## PROBLEM REQUIREMENTS
One line in the listing below contains "using jensen(1) fin". Repeat that line and each line after it exactly, ending with the last one.

## MATERIAL TO PROCESS
text \<open>If k \<beta> \<le> \<alpha> pointwise, then J(\<alpha>) - k J(\<beta>) is the Jensen gap of the points x i and
  the extra point \<Sum> \<beta>_i x_i with the weights \<alpha>_i - k \<beta>_i and k.\<close>

lemma jensen_gap_scaled_lower_bound:
  fixes \<alpha> \<beta> :: "'i \<Rightarrow> real" and x :: "'i \<Rightarrow> 'a::real_vector"
  assumes sc: "strictly_convex_on C f" and fin: "finite I"
    and \<alpha>_sum: "sum \<alpha> I = 1" and \<beta>_sum: "sum \<beta> I = 1" and \<beta>_nonneg: "\<forall>i\<in>I. \<beta> i \<ge> 0"
    and k_pos: "k > 0" and dominated: "\<forall>i\<in>I. k * \<beta> i \<le> \<alpha> i" and xC: "\<forall>i\<in>I. x i \<in> C"
  shows "k * jensen_gap I \<beta> f x \<le> jensen_gap I \<alpha> f x"
    and "k * jensen_gap I \<beta> f x = jensen_gap I \<alpha> f x \<longleftrightarrow>
           (\<Sum>i\<in>I. \<beta> i *\<^sub>R x i) = (\<Sum>i\<in>I. \<alpha> i *\<^sub>R x i) \<and>
           (\<forall>j\<in>I. k * \<beta> j < \<alpha> j \<longrightarrow> x j = (\<Sum>i\<in>I. \<alpha> i *\<^sub>R x i))"
proof -
  let ?y\<alpha> = "\<Sum>i\<in>I. \<alpha> i *\<^sub>R x i" and ?y\<beta> = "\<Sum>i\<in>I. \<beta> i *\<^sub>R x i"
  let ?F\<alpha> = "\<Sum>i\<in>I. \<alpha> i * f (x i)" and ?F\<beta> = "\<Sum>i\<in>I. \<beta> i * f (x i)"
  define J where "J = insert None (Some ` I)"
  define w where "w i = (case i of None \<Rightarrow> k | Some i \<Rightarrow> \<alpha> i - k * \<beta> i)" for i
  define z where "z i = (case i of None \<Rightarrow> ?y\<beta> | Some i \<Rightarrow> x i)" for i
  have sum_J: "sum g J = g None + (\<Sum>i\<in>I. g (Some i))" for g :: "'i option \<Rightarrow> 'b::comm_monoid_add"
    using fin by (simp add: J_def sum.reindex)
  have y\<beta>C: "?y\<beta> \<in> C"
    using sc \<beta>_sum \<beta>_nonneg xC by (intro convex_sum[OF fin]) (auto simp: strictly_convex_on_def)
  have w_nonneg: "\<forall>i\<in>J. w i \<ge> 0" using k_pos dominated by (auto simp: J_def w_def)
  have w_sum: "sum w J = 1"
    using \<alpha>_sum \<beta>_sum by (simp add: sum_J w_def sum_subtractf flip: sum_distrib_left)
  have zC: "\<forall>i\<in>J. z i \<in> C" using xC y\<beta>C by (auto simp: J_def z_def)
  have bary: "(\<Sum>i\<in>J. w i *\<^sub>R z i) = ?y\<alpha>"
    by (simp add: sum_J w_def z_def algebra_simps sum_subtractf scaleR_sum_right)
  have weighted_values: "(\<Sum>i\<in>J. w i * f (z i)) = k * f ?y\<beta> + ?F\<alpha> - k * ?F\<beta>"
    by (simp add: sum_J w_def z_def algebra_simps sum_subtractf sum_distrib_left)
  note jensen = jensen_strictly_convex[OF sc _ w_nonneg w_sum zC, unfolded bary weighted_values]
  have gap_diff: "jensen_gap I \<alpha> f x - k * jensen_gap I \<beta> f x = k * f ?y\<beta> + ?F\<alpha> - k * ?F\<beta> - f ?y\<alpha>"
    by (simp add: jensen_gap_def algebra_simps)
  show "k * jensen_gap I \<beta> f x \<le> jensen_gap I \<alpha> f x"
    using jensen(1) fin gap_diff by (simp add: J_def)
  have "(\<forall>i\<in>J. w i > 0 \<longrightarrow> z i = ?y\<alpha>) \<longleftrightarrow>
          ?y\<beta> = ?y\<alpha> \<and> (\<forall>j\<in>I. k * \<beta> j < \<alpha> j \<longrightarrow> x j = ?y\<alpha>)"
    using k_pos by (auto simp: J_def w_def z_def)
  moreover have "k * jensen_gap I \<beta> f x = jensen_gap I \<alpha> f x \<longleftrightarrow>
      f ?y\<alpha> = k * f ?y\<beta> + ?F\<alpha> - k * ?F\<beta>"
    using gap_diff by argo
  ultimately show "k * jensen_gap I \<beta> f x = jensen_gap I \<alpha> f x \<longleftrightarrow>
      ?y\<beta> = ?y\<alpha> \<and> (\<forall>j\<in>I. k * \<beta> j < \<alpha> j \<longrightarrow> x j = ?y\<alpha>)"
    using jensen(2) fin by (simp add: J_def)
qed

## ANSWER BOX
    using jensen(1) fin gap_diff by (simp add: J_def)
  have "(\<forall>i\<in>J. w i > 0 \<longrightarrow> z i = ?y\<alpha>) \<longleftrightarrow>
          ?y\<beta> = ?y\<alpha> \<and> (\<forall>j\<in>I. k * \<beta> j < \<alpha> j \<longrightarrow> x j = ?y\<alpha>)"
    using k_pos by (auto simp: J_def w_def z_def)
  moreover have "k * jensen_gap I \<beta> f x = jensen_gap I \<alpha> f x \<longleftrightarrow>
      f ?y\<alpha> = k * f ?y\<beta> + ?F\<alpha> - k * ?F\<beta>"
    using gap_diff by argo
  ultimately show "k * jensen_gap I \<beta> f x = jensen_gap I \<alpha> f x \<longleftrightarrow>
      ?y\<beta> = ?y\<alpha> \<and> (\<forall>j\<in>I. k * \<beta> j < \<alpha> j \<longrightarrow> x j = ?y\<alpha>)"
    using jensen(2) fin by (simp add: J_def)
qed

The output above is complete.